What’s particularly striking is how easily this happens, and how persistently it lingers. Even after the AI is out of the picture, we may continue to judge ourselves differently, guided by the shadow of its confidence.
Future Possibilities: Calibrating AI for Good
While this alignment can be problematic, it opens up an interesting follow-up question of whether it’s possible to intentionally design AI to help users become better calibrated over time.
Imagine an AI that modulates its confidence to gently nudge underconfident users toward greater self-trust, or to rein in those who are prone to overconfidence. Instead of being a passive tool, the AI becomes an active coach, helping users fine-tune their own decision-making.
This would require a careful balancing act. AI would need to be accurate not just in its predictions, but in understanding the user’s psychology. It’s a tall order—but a tantalizing one.
The Subtle Power of Influence
With new knowledge comes new responsibility. The confidence alignment effect observed in this study can be used to help—but it can also mislead. Overly confident AI systems, if left unchecked, may foster misplaced trust, especially in high-stakes contexts like finance, medicine, or justice. And as AI grows more expressive and persuasive—thanks to natural language models and emotionally intelligent interfaces—the risk of over-reliance or undue influence increases.

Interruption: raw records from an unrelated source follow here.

section \<open>The learner\<close>

definition majority_reliable :: "('a \<Rightarrow> bool option) \<Rightarrow> (swap \<Rightarrow> 'a) \<Rightarrow> nat \<Rightarrow> swap set \<Rightarrow> cpnet \<Rightarrow> bool" where
  "majority_reliable tr orc n X N \<longleftrightarrow>
     (\<forall>i<n. \<forall>v\<in>outcomes n. majority tr n X i v (\<lambda>j. orc (swap_at X i (flip j v))) = preferred_value N i v)"

definition others :: "nat \<Rightarrow> nat \<Rightarrow> nat list" where
  "others n i = filter (\<lambda>j. j \<noteq> i) [0..<n]"

lemma set_others: "set (others n i) = {j. j < n \<and> j \<noteq> i}"
  unfolding others_def by auto

lemma length_others:
  assumes "i < n"
  shows "length (others n i) = n - 1"
proof -
  have "length (others n i) = card (set (others n i))" by (rule distinct_card[symmetric]) (simp add: others_def)
  also have "set (others n i) = {..<n} - {i}" by (auto simp: set_others)
  finally show ?thesis using assms by simp
qed

definition probe :: "swap set \<Rightarrow> nat \<Rightarrow> ('k \<Rightarrow> outcome) \<Rightarrow> 'k \<times> nat \<Rightarrow> swap" where
  "probe X i W kj = swap_at X i (flip (snd kj) (W (fst kj)))"

definition majority_at ::
  "('a \<Rightarrow> bool option) \<Rightarrow> nat \<Rightarrow> swap set \<Rightarrow> nat \<Rightarrow> ('k \<Rightarrow> outcome) \<Rightarrow> ('k \<times> nat \<Rightarrow> 'a) \<Rightarrow> 'k \<Rightarrow> bool" where
  "majority_at tr n X i W a k = majority tr n X i (W k) (\<lambda>j. a (k, j))"

lemma run_ask_probes:
  assumes S: "swap_set n X" and i: "i < n" and R: "majority_reliable tr orc n X N"
    and W: "\<And>k. k \<in> set ks \<Longrightarrow> W k \<in> outcomes n"
  shows "\<exists>a. run orc X (ask_all (List.product ks (others n i)) (probe X i W)) = Some (a, length ks * (n - 1))
    \<and> (\<forall>k\<in>set ks. majority_at tr n X i W a k = preferred_value N i (W k))"
proof -
  have "probe X i W ` set (List.product ks (others n i)) \<subseteq> X"
    using swap_at_in[OF S flip_in_outcomes[OF W] i] by (auto simp: probe_def set_others)
  from run_ask_all[OF this, of orc] obtain a
    where a: "run orc X (ask_all (List.product ks (others n i)) (probe X i W)) = Some (a, length ks * (n - 1))"
      and ans: "\<forall>kj\<in>set (List.product ks (others n i)). a kj = orc (probe X i W kj)"
    using length_others[OF i] by auto
  have "majority_at tr n X i W a k = preferred_value N i (W k)" if "k \<in> set ks" for k
  proof -
    have "majority_at tr n X i W a k = majority tr n X i (W k) (\<lambda>j. orc (swap_at X i (flip j (W k))))"
      unfolding majority_at_def using ans that by (intro majority_cong) (auto simp: probe_def set_others)
    then show ?thesis using R i W[OF that] unfolding majority_reliable_def by simp
  qed
  with a show ?thesis by blast
qed
(* There exist capacitated network graphs $G=(V,E)$ with arbitrarily many vertices, together with sets $\mathcal{D}$ of possible demand matrices, such that every per-destination routing $\phi$ on $G$ satisfies $PERF(\phi,\mathcal{D})=\Omega(|V|)$; i.e., the performance ratio of the optimal oblivious per-destination routing is $\Omega(|V|)$.
   Context: A network is a directed graph $G=(V,E)$ with a positive (possibly arbitrarily large) capacity $c_e$ on each edge $e$. A routing configuration $\phi$ assigns to each destination $t\in V$ and each edge $e=(u,v)\in E$ a value $\phi_t(e)\ge 0$, the fraction of the flow destined to $t$ entering $u$ that is forwarded on $e$, with $\sum_{e=(u,v)\in E}\phi_t(e)=1$ for every $u\neq t$. It is a per-destination (PD) routing if for every $t\in V$ and every directed cycle $C$ of $G$ there is an edge $e\in C$ with $\phi_t(e)=0$. For a PD routing, $f_{st}(s)=1$ and $f_{st}(v)=\sum_{e=(u,v)\in E}f_{st}(u)\phi_t(e)$ for $v\ne s$. For a demand matrix $D=(d_{st})$ with $d_{st}\ge0$, $MxLU(\phi,D)=\max_{e=(u,v)\in E}\frac{\sum_{s,t}d_{st}f_{st}(u)\phi_t(e)}{c_e}$, $OPTU(D)=\min_{\phi\text{ PD routing}}MxLU(\phi,D)$, and $PERF(\phi,\mathcal{D})=\max_{D\in\mathcal{D}}MxLU(\phi,D)/OPTU(D)$. *)

theory Defs
  imports "HOL-Analysis.Analysis"
begin

definition network :: "nat set \<Rightarrow> (nat \<times> nat) set \<Rightarrow> (nat \<times> nat \<Rightarrow> real) \<Rightarrow> bool" where
  "network V E c \<longleftrightarrow> finite V \<and> E \<subseteq> V \<times> V \<and> (\<forall>e\<in>E. c e > 0)"

definition dcycle :: "(nat \<times> nat) set \<Rightarrow> nat list \<Rightarrow> bool" where
  "dcycle E vs \<longleftrightarrow> vs \<noteq> [] \<and> distinct vs \<and>
     (\<forall>i<length vs. (vs!i, vs!((i+1) mod length vs)) \<in> E)"

text \<open>Routing configuration: phi t e is the fraction of traffic to t forwarded on e.\<close>
definition routing_config :: "nat set \<Rightarrow> (nat \<times> nat) set \<Rightarrow> (nat \<Rightarrow> nat \<times> nat \<Rightarrow> real) \<Rightarrow> bool" where
  "routing_config V E phi \<longleftrightarrow>
     (\<forall>t\<in>V. \<forall>e\<in>E. phi t e \<ge> 0) \<and>
     (\<forall>t\<in>V. \<forall>u\<in>V. u \<noteq> t \<longrightarrow> (\<Sum>e\<in>{e\<in>E. fst e = u}. phi t e) = 1)"

definition PD_routing :: "nat set \<Rightarrow> (nat \<times> nat) set \<Rightarrow> (nat \<Rightarrow> nat \<times> nat \<Rightarrow> real) \<Rightarrow> bool" where
  "PD_routing V E phi \<longleftrightarrow> routing_config V E phi \<and>
     (\<forall>t\<in>V. \<forall>vs. dcycle E vs \<longrightarrow>
        (\<exists>i<length vs. phi t (vs!i, vs!((i+1) mod length vs)) = 0))"

text \<open>f_{st}: the (unique, for PD routings) function with f_{st}(s) = 1 and
  f_{st}(v) = sum over edges (u,v) of f_{st}(u) phi_t(u,v) for v \<noteq> s (zero outside V).\<close>
definition flow :: "nat set \<Rightarrow> (nat \<times> nat) set \<Rightarrow> (nat \<Rightarrow> nat \<times> nat \<Rightarrow> real) \<Rightarrow> nat \<Rightarrow> nat \<Rightarrow> nat \<Rightarrow> real" where
  "flow V E phi s t = (THE f. f s = 1 \<and> (\<forall>v. v \<notin> V \<longrightarrow> f v = 0) \<and>
      (\<forall>v\<in>V. v \<noteq> s \<longrightarrow> f v = (\<Sum>e\<in>{e\<in>E. snd e = v}. f (fst e) * phi t e)))"

definition MxLU :: "nat set \<Rightarrow> (nat \<times> nat) set \<Rightarrow> (nat \<times> nat \<Rightarrow> real) \<Rightarrow> (nat \<Rightarrow> nat \<times> nat \<Rightarrow> real)
                    \<Rightarrow> (nat \<Rightarrow> nat \<Rightarrow> real) \<Rightarrow> real" where
  "MxLU V E c phi D = Max ((\<lambda>e. (\<Sum>s\<in>V. \<Sum>t\<in>V. D s t * flow V E phi s t (fst e) * phi t e) / c e) ` E)"

definition demand_matrix :: "nat set \<Rightarrow> (nat \<Rightarrow> nat \<Rightarrow> real) \<Rightarrow> bool" where
  "demand_matrix V D \<longleftrightarrow> (\<forall>s\<in>V. \<forall>t\<in>V. D s t \<ge> 0)"

definition OPTU :: "nat set \<Rightarrow> (nat \<times> nat) set \<Rightarrow> (nat \<times> nat \<Rightarrow> real) \<Rightarrow> (nat \<Rightarrow> nat \<Rightarrow> real) \<Rightarrow> real" where
  "OPTU V E c D = Inf {MxLU V E c phi D | phi. PD_routing V E phi}"

definition PERF :: "nat set \<Rightarrow> (nat \<times> nat) set \<Rightarrow> (nat \<times> nat \<Rightarrow> real) \<Rightarrow> (nat \<Rightarrow> nat \<times> nat \<Rightarrow> real)
                    \<Rightarrow> (nat \<Rightarrow> nat \<Rightarrow> real) set \<Rightarrow> ereal" where
  "PERF V E c phi DD = (SUP D\<in>DD. ereal (MxLU V E c phi D / OPTU V E c D))"

end

theory Submission
  imports Defs
begin

text \<open>The network is the complete digraph on \<open>{0..n}\<close> with unit capacities, and the
  demands are the single-commodity demands of \<open>n\<close> units from some \<open>u \<noteq> 0\<close> to \<open>0\<close>.
  For every per-destination routing the edges used towards \<open>0\<close> form a DAG, so some
  \<open>u \<noteq> 0\<close> is minimal in it and sends everything on its direct edge to \<open>0\<close>; the demand
  from this \<open>u\<close> then loads that edge with \<open>n\<close>. Splitting the traffic of \<open>u\<close> evenly over
  its \<open>n\<close> out-edges and forwarding it directly to \<open>0\<close> afterwards has utilization \<open>1\<close>,
  which is optimal since one out-edge of \<open>u\<close> carries at least the fraction \<open>1/n\<close>.\<close>

definition closed_walk :: "('a \<times> 'a) set \<Rightarrow> 'a list \<Rightarrow> bool" where
  "closed_walk R vs \<longleftrightarrow> vs \<noteq> [] \<and> (\<forall>i<length vs. (vs!i, vs!((i+1) mod length vs)) \<in> R)"

lemma ex_distinct_closed_walk:
  assumes "closed_walk R vs"
  shows "\<exists>ws. closed_walk R ws \<and> distinct ws"
  using assms
proof (induction "length vs" arbitrary: vs rule: less_induct)
  case less
  show ?case
  proof (cases "distinct vs")
    case True then show ?thesis using less.prems by blast
  next
    case False
    then obtain i j where ij: "i < j" "j < length vs" "vs!i = vs!j"
      by (metis distinct_conv_nth linorder_neqE_nat)
    define ws where "ws = take (j-i) (drop i vs)"
    have len: "length ws = j - i" using ij by (simp add: ws_def)
    have nth: "\<And>k. k < j - i \<Longrightarrow> ws!k = vs!(i+k)" using ij by (simp add: ws_def)
    have step: "\<And>k. k < length vs \<Longrightarrow> (vs!k, vs!((k+1) mod length vs)) \<in> R"
      using less.prems by (simp add: closed_walk_def)
    have "closed_walk R ws"
      unfolding closed_walk_def
    proof (intro conjI allI impI)
      show "ws \<noteq> []" using len ij by auto
    next
      fix k assume k: "k < length ws"
      have edge: "(vs!(i+k), vs!((i+k+1) mod length vs)) \<in> R" using step[of "i+k"] k len ij by simp
      show "(ws!k, ws!((k+1) mod length ws)) \<in> R"
      proof (cases "k+1 < j - i")
        case True
        then have "(i+k+1) mod length vs = i+k+1" using ij by simp
        then show ?thesis using edge True k len nth by simp
      next
        case False
        then have kk: "k+1 = j - i" using k len by simp
        then have "(i+k+1) mod length vs = j" "(k+1) mod length ws = 0" using ij len by simp_all
        then show ?thesis using edge kk k len nth[of 0] nth[of k] ij by simp
      qed
    qed
    moreover have "length ws < length vs" using len ij by simp
    ultimately show ?thesis using less.hyps by blast
  qed
qed

lemma closed_walk_if_trancl:
  assumes "(x, x) \<in> R\<^sup>+"
  shows "\<exists>vs. closed_walk R vs"
proof -
  obtain n where n: "n > 0" "(x, x) \<in> R^^n" using assms trancl_power by blast
  then obtain f where f: "f 0 = x" "f n = x" "\<forall>i<n. (f i, f (Suc i)) \<in> R"
    using relpow_fun_conv by metis
  define vs where "vs = map f [0..<n]"
  have "closed_walk R vs" unfolding closed_walk_def
  proof (intro conjI allI impI)
    show "vs \<noteq> []" using n by (simp add: vs_def)
  next
    fix i assume i: "i < length vs"
    show "(vs!i, vs!((i+1) mod length vs)) \<in> R"
    proof (cases "i+1 < n")
      case True then show ?thesis using i f by (simp add: vs_def)
    next
      case False
      then have "i+1 = n" using i by (simp add: vs_def)
      moreover have "(f i, f (Suc i)) \<in> R" using f i by (simp add: vs_def)
      ultimately show ?thesis using i f n by (simp add: vs_def)
    qed
  qed
  then show ?thesis by blast
qed

definition routing_support ::
    "(nat \<times> nat) set \<Rightarrow> (nat \<Rightarrow> nat \<times> nat \<Rightarrow> real) \<Rightarrow> nat \<Rightarrow> (nat \<times> nat) set" where
  "routing_support E phi t = {e\<in>E. phi t e \<noteq> 0}"

lemma acyclic_routing_support:
  assumes PD: "PD_routing V E phi" and t: "t \<in> V"
  shows "acyclic (routing_support E phi t)"
proof (rule ccontr)
  let ?R = "routing_support E phi t"
  assume "\<not> acyclic ?R"
  then obtain x where "(x, x) \<in> ?R\<^sup>+" by (auto simp: acyclic_def)
  then obtain vs where "closed_walk ?R vs" using closed_walk_if_trancl by metis
  then obtain ws where ws: "closed_walk ?R ws" "distinct ws" using ex_distinct_closed_walk by metis
  then have "dcycle E ws" unfolding closed_walk_def dcycle_def routing_support_def by blast
  then obtain i where "i < length ws" "phi t (ws!i, ws!((i+1) mod length ws)) = 0"
    using PD t unfolding PD_routing_def by blast
  then show False using ws unfolding closed_walk_def routing_support_def by blast
qed

lemma network_finite_edges: "network V E c \<Longrightarrow> finite E"
  unfolding network_def using finite_subset[of E "V \<times> V"] by blast

lemma finite_routing_support:
  assumes "network V E c"
  shows "finite (routing_support E phi t)"
  using network_finite_edges[OF assms] by (simp add: routing_support_def)

lemma wf_routing_support:
  assumes "network V E c" "PD_routing V E phi" "t \<in> V"
  shows "wf (routing_support E phi t)"
  using finite_acyclic_wf[OF finite_routing_support acyclic_routing_support] assms .

lemma dcycle_has_zero_edge_if_potential:
  fixes h :: "nat \<Rightarrow> nat"
  assumes decr: "\<forall>e\<in>E. phi t e \<noteq> 0 \<longrightarrow> h (fst e) > h (snd e)" and cyc: "dcycle E vs"
  shows "\<exists>i<length vs. phi t (vs!i, vs!((i+1) mod length vs)) = 0"
proof -
  have ne: "vs \<noteq> []" using cyc by (simp add: dcycle_def)
  then obtain x where x: "x \<in> set vs" "h x = Min (h ` set vs)"
    by (metis (no_types, lifting) Min_in empty_is_image finite_imageI finite_set imageE set_empty)
  then obtain i where i: "i < length vs" "vs!i = x" by (auto simp: in_set_conv_nth)
  let ?j = "(i+1) mod length vs"
  have "(vs!i, vs!?j) \<in> E" using cyc i(1) unfolding dcycle_def by blast
  moreover have "h (vs!?j) \<ge> h x" using ne x by simp
  ultimately have "phi t (vs!i, vs!?j) = 0" using decr i by fastforce
  then show ?thesis using i by blast
qed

This research, while optimistic in tone, serves as a subtle warning. Designers must consider not just what the AI knows, but how it makes users feel about their own knowledge.
Rethinking Confidence in a Machine Age
In a world increasingly shaped by our interactions with AI, the researchers at AI4SG Lab are pushing us to ask deeper questions—not just about what AI does, but about what it does to us. Their findings show that AI’s confidence isn’t just an internal statistic. It’s a form of social communication—one that humans instinctively respond to, often unconsciously. That response can help or hinder us, depending on how well our confidence aligns with reality.
By illuminating this dynamic, the study offers more than just a new wrinkle in human-AI interaction. It points the way toward more thoughtful, more ethical, and ultimately more human-centered AI design—where building better tools includes building better humans, too.
As AI systems become increasingly confident, we must ask ourselves: are we becoming better decision-makers, or simply better followers?
The answer, like most human-AI relationships, will depend on how we choose to design—and to decide.
Further Reading: Li, J., Yang, Y., Liao, Q.V., Zhang, J. and Lee, Y.-C. (2025) “As Confidence Aligns: Exploring the Effect of AI Confidence on Human Self-confidence in Human-AI Decision Making,” In Proceedings of CHI Conference on Human Factors in Computing Systems (CHI ’25).